lemma herm_quadratic_Re_qform:
  fixes Q A B :: "complex^'n::finite^'n" and m n :: 'n
  defines "Q0 \<equiv> upd_entry Q m n 0"
  shows "herm_quadratic (\<lambda>z. Re (g * qform (upd_entry Q m n z) A B))
           (g * (A ** Q0 ** B)$m$n + cnj g * (adj A ** Q0 ** adj B)$m$n)"
proof -
  have "adj (B ** adj Q0 ** A) = adj A ** Q0 ** adj B"
    by (simp add: adj_mult matrix_mul_assoc)
  then have "cnj ((B ** adj Q0 ** A)$n$m) = (adj A ** Q0 ** adj B)$m$n"
    by (metis adj_nth)
  then have "Re (g * (z * (B ** adj Q0 ** A)$n$m)) = Re (cnj z * (cnj g * (adj A ** Q0 ** adj B)$m$n))" for z
    by (metis complex_cnj_cnj complex_cnj_mult cnj.sel(1) mult.left_commute)
  moreover have "cnj z * z = of_real ((cmod z)\<^sup>2)" for z
    using complex_norm_square[of z] by (simp add: mult.commute)
  ultimately show ?thesis
    by (intro herm_quadratic_intro[where K = "Re (g * qform Q0 A B)" and k = "Re (g * (A$m$m * B$n$n))"])
      (simp add: qform_upd_entry[of Q m n, folded Q0_def] algebra_simps)
qed

lemma herm_quadratic_Re_qform_hermitian:
  fixes Q A B :: "complex^'n::finite^'n" and m n :: 'n
  assumes "adj A = A" and "adj B = B"
  shows "herm_quadratic (\<lambda>z. Re (qform (upd_entry Q m n z) A B)) (2 * (A ** upd_entry Q m n 0 ** B)$m$n)"
  using herm_quadratic_Re_qform[of 1 Q m n A B] by (simp add: assms)

lemma Amat_hermitian: "adj (Amat G a i i) = Amat G a i i"
  by (simp add: vec_eq_iff Amat_def hadamard_def mconj_def transpose_def colrow_def vconj_def
      matrix_matrix_mult_def mult.commute)

lemma Bmat_hermitian: "adj (Bmat G a x i i) = Bmat G a x i i"
proof -
  let ?M = "G i ** colrow x (vconj x) ** adj (G i)"
  have "adj (colrow x (vconj x)) = colrow x (vconj x)"
    by (simp add: vec_eq_iff colrow_def vconj_def mult.commute)
  then have "adj ?M = ?M" by (simp add: adj_mult matrix_mul_assoc)
  then have "cnj (?M$r$s) = ?M$s$r" for r s
    by (metis adj_nth)
  then show ?thesis
    by (simp add: vec_eq_iff Bmat_def hadamard_def transpose_def colrow_def vconj_def mult.commute)
qed

lemma Dmat_upd_entry_zero_nth:
  "Dmat L s \<alpha> G a x i j (upd_entry Q m n 0) $m$n
     = Dmat L s \<alpha> G a x i j Q $m$n - of_real (L / s) * Q$m$n * chi \<alpha> G a x i j m n"
proof -
  have entry: "(X ** Q ** Y)$m$n = (X ** upd_entry Q m n 0 ** Y)$m$n + X$m$m * Q$m$n * Y$n$n" for X Y
    using mult_upd_entry_mult_nth[of X Q m n "Q$m$n" Y m n] by (simp add: upd_entry_same)
  let ?w = "\<alpha> i * cnj (\<alpha> j) * (Amat G a i j)$m$m * (Bmat G a x i j)$n$n"
  have chi_eq: "chi \<alpha> G a x i j m n =
       of_real ((cmod (\<alpha> i))\<^sup>2) * (Amat G a i i)$m$m * (Bmat G a x i i)$n$n - (?w + cnj ?w)
     + of_real ((cmod (\<alpha> j))\<^sup>2) * (Amat G a j j)$m$m * (Bmat G a x j j)$n$n"
    unfolding chi_def complex_add_cnj ..
  show ?thesis
    unfolding Dmat_def chi_eq by (simp add: entry algebra_simps)
qed

lemma herm_quadratic_phi:
  fixes Q :: "complex^'n::finite^'n" and m n :: 'n
  shows "herm_quadratic (\<lambda>z. phi L s \<alpha> G a x i j (upd_entry Q m n z))
           (2 * Dmat L s \<alpha> G a x i j (upd_entry Q m n 0) $m$n)"
proof -
  define Q0 where "Q0 = upd_entry Q m n 0"
  define g where "g = \<alpha> i * cnj (\<alpha> j)"
  let ?Q = "upd_entry Q m n"
  let ?A = "Amat G a" and ?B = "Bmat G a x"
  have "herm_quadratic
      (\<lambda>z. L / s * ((cmod (\<alpha> i))\<^sup>2 * Re (qform (?Q z) (?A i i) (?B i i))
        - 2 * Re (g * qform (?Q z) (?A i j) (?B i j)) + (cmod (\<alpha> j))\<^sup>2 * Re (qform (?Q z) (?A j j) (?B j j))))
      (of_real (L / s) * (of_real ((cmod (\<alpha> i))\<^sup>2) * (2 * (?A i i ** Q0 ** ?B i i)$m$n)
        - of_real 2 * (g * (?A i j ** Q0 ** ?B i j)$m$n + cnj g * (adj (?A i j) ** Q0 ** adj (?B i j))$m$n)
        + of_real ((cmod (\<alpha> j))\<^sup>2) * (2 * (?A j j ** Q0 ** ?B j j)$m$n)))"
    unfolding Q0_def
    by (intro herm_quadratic_scale herm_quadratic_add herm_quadratic_diff herm_quadratic_Re_qform
        herm_quadratic_Re_qform_hermitian Amat_hermitian Bmat_hermitian)
  then show ?thesis
    unfolding phi_def Dmat_def Q0_def g_def by (simp add: algebra_simps)
qed

lemma herm_quadratic_Re_sesquilinear:
  fixes Q :: "complex^'n::finite^'n" and m n :: 'n
  shows "herm_quadratic (\<lambda>z. Re (\<Sum>k\<in>UNIV. cnj (\<theta>$k) * (upd_entry Q m n z *v \<theta>)$k))
           ((colrow \<theta> (vconj \<theta>))$m$n)"
proof -
  let ?f = "\<lambda>z. \<Sum>k\<in>UNIV. cnj (\<theta>$k) * (upd_entry Q m n z *v \<theta>)$k"
  have E: "(mscale z (elem_matrix m n) *v \<theta>)$k = (if k = m then z * \<theta>$n else 0)" for z k
    by (simp add: matrix_vector_mult_def elem_matrix_def if_distrib if_distribR sum_delta_conj
        cong: if_cong)
  have sum_E: "(\<Sum>k\<in>UNIV. cnj (\<theta>$k) * (mscale z (elem_matrix m n) *v \<theta>)$k) = cnj (\<theta>$m) * (z * \<theta>$n)"
    for z unfolding E by (simp add: if_distrib cong: if_cong)
  have f: "?f z = ?f 0 + cnj (\<theta>$m) * (z * \<theta>$n)" for z
    by (subst upd_entry_decomp)
      (simp only: matrix_vector_mult_add_rdistrib vector_add_component distrib_left sum.distrib sum_E)
  have "Re (cnj (\<theta>$m) * (z * \<theta>$n)) = Re (cnj z * (colrow \<theta> (vconj \<theta>))$m$n)" for z
    by (simp add: colrow_def vconj_def algebra_simps)
  then have "Re (?f z) = Re (?f 0) + Re (cnj z * (colrow \<theta> (vconj \<theta>))$m$n) + 0 * (cmod z)\<^sup>2" for z
    by (simp only: f[of z] plus_complex.sel mult_zero_left add_0_right)
  then show ?thesis
    by (rule herm_quadratic_intro)
qed

lemma herm_quadratic_varpi:
  fixes Q :: "complex^'n::finite^'n" and m n :: 'n
  shows "herm_quadratic (\<lambda>z. varpi L s \<rho> I \<beta> \<alpha> G a x \<theta> (upd_entry Q m n z))
    (2 * ((\<Sum>i\<in>{1..I}. \<Sum>j\<in>{i+1..I}. of_real (\<beta> i j) * (Dmat L s \<alpha> G a x i j Q)$m$n)
          + of_real (1 / (4 * \<rho>)) * (colrow \<theta> (vconj \<theta>))$m$n
          - of_real (L / s) * Q$m$n
              * (\<Sum>i\<in>{1..I}. \<Sum>j\<in>{i+1..I}. of_real (\<beta> i j) * chi \<alpha> G a x i j m n)))"
proof -
  have "herm_quadratic (\<lambda>z. varpi L s \<rho> I \<beta> \<alpha> G a x \<theta> (upd_entry Q m n z))
    ((\<Sum>i\<in>{1..I}. \<Sum>j\<in>{i+1..I}. of_real (\<beta> i j) * (2 * Dmat L s \<alpha> G a x i j (upd_entry Q m n 0) $m$n))
      + of_real (1 / (2 * \<rho>)) * (colrow \<theta> (vconj \<theta>))$m$n)"
    unfolding varpi_def
    by (intro herm_quadratic_add herm_quadratic_sum herm_quadratic_scale herm_quadratic_phi
        herm_quadratic_Re_sesquilinear finite_atLeastAtMost)
  then show ?thesis
    unfolding Dmat_upd_entry_zero_nth
    by (simp add: algebra_simps sum_subtractf sum_distrib_left sum.distrib)
qed

theorem proposition4:
  fixes L I :: nat and \<sigma>2 \<rho> :: real
    and \<alpha> :: "nat \<Rightarrow> complex" and G :: "nat \<Rightarrow> complex^'m::finite^'n::finite"
    and a :: "nat \<Rightarrow> complex^'n" and \<beta> :: "nat \<Rightarrow> nat \<Rightarrow> real"
    and x :: "complex^'m" and \<theta> :: "complex^'n"
    and Q :: "complex^'n^'n" and m n :: 'n and t :: real
  assumes "L > 0" and "I > 0" and "\<sigma>2 > 0" and "\<rho> > 0"
    and "\<And>i j. 1 \<le> i \<Longrightarrow> i < j \<Longrightarrow> j \<le> I \<Longrightarrow> \<beta> i j \<ge> 0"
    and "Q \<in> unimod"
  shows "let c = (\<Sum>i\<in>{1..I}. \<Sum>j\<in>{i+1..I}. complex_of_real (\<beta> i j) * (Dmat (real L) \<sigma>2 \<alpha> G a x i j Q)$m$n)
                 + complex_of_real (1 / (4 * \<rho>)) * (colrow \<theta> (vconj \<theta>))$m$n
                 - complex_of_real (real L / \<sigma>2) * Q$m$n
                     * (\<Sum>i\<in>{1..I}. \<Sum>j\<in>{i+1..I}. complex_of_real (\<beta> i j) * chi \<alpha> G a x i j m n);
             q = exp (\<i> * complex_of_real (if c = 0 then t else Arg c));
             Q1 = (\<chi> r s. if r = m \<and> s = n then q else Q$r$s)
         in Q1 \<in> unimod \<and>
            (\<forall>Q'\<in>unimod. (\<forall>r s. (r, s) \<noteq> (m, n) \<longrightarrow> Q'$r$s = Q$r$s) \<longrightarrow>
               varpi (real L) \<sigma>2 \<rho> I \<beta> \<alpha> G a x \<theta> Q' \<le> varpi (real L) \<sigma>2 \<rho> I \<beta> \<alpha> G a x \<theta> Q1)"
proof -
  define c where "c = (\<Sum>i\<in>{1..I}. \<Sum>j\<in>{i+1..I}. complex_of_real (\<beta> i j) * (Dmat (real L) \<sigma>2 \<alpha> G a x i j Q)$m$n)
                 + complex_of_real (1 / (4 * \<rho>)) * (colrow \<theta> (vconj \<theta>))$m$n
                 - complex_of_real (real L / \<sigma>2) * Q$m$n
                     * (\<Sum>i\<in>{1..I}. \<Sum>j\<in>{i+1..I}. complex_of_real (\<beta> i j) * chi \<alpha> G a x i j m n)"
  define q where "q = exp (\<i> * complex_of_real (if c = 0 then t else Arg c))"
  let ?V = "varpi (real L) \<sigma>2 \<rho> I \<beta> \<alpha> G a x \<theta>"
  have quadratic: "herm_quadratic (\<lambda>z. ?V (upd_entry Q m n z)) (2 * c)"
    unfolding c_def by (rule herm_quadratic_varpi)
  have q_unit: "cmod q = 1"
    unfolding q_def by (rule norm_exp_i_times)
  have q_aligned: "Re (cnj q * (2 * c)) = cmod (2 * c)"
    using Re_cnj_exp_Arg_mult[of c] by (cases "c = 0") (simp_all add: q_def mult.left_commute[of _ 2] norm_mult)
  have "?V Q' \<le> ?V (upd_entry Q m n q)"
    if "Q' \<in> unimod" and "\<forall>r s. (r, s) \<noteq> (m, n) \<longrightarrow> Q'$r$s = Q$r$s" for Q'
  proof -
    have "Q' = upd_entry Q m n (Q'$m$n)" using that(2) by (intro upd_entry_eqI) blast
    moreover have "cmod (Q'$m$n) = 1" using that(1) by (simp add: unimod_def)
    ultimately show ?thesis
      using herm_quadratic_max_on_circle[OF quadratic _ q_unit q_aligned] by metis
  qed
  moreover have "upd_entry Q m n q \<in> unimod"
    using assms(6) q_unit by (rule upd_entry_unimod)
  ultimately show ?thesis
    unfolding Let_def c_def[symmetric] q_def[symmetric] upd_entry_def[symmetric] by blast
qed

end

┄┄┄┄┄┄┄┄┄┄┄┄┄┄┄┄┄┄┄┄

§ **TASK ITEM**: Take the line containing "m n q \<in>" as the start and the last line of the data as the end, and reproduce that range exactly.

§ **OUTPUT OF THE EXERCISE**:
  moreover have "upd_entry Q m n q \<in> unimod"
    using assms(6) q_unit by (rule upd_entry_unimod)
  ultimately show ?thesis
    unfolding Let_def c_def[symmetric] q_def[symmetric] upd_entry_def[symmetric] by blast
qed

end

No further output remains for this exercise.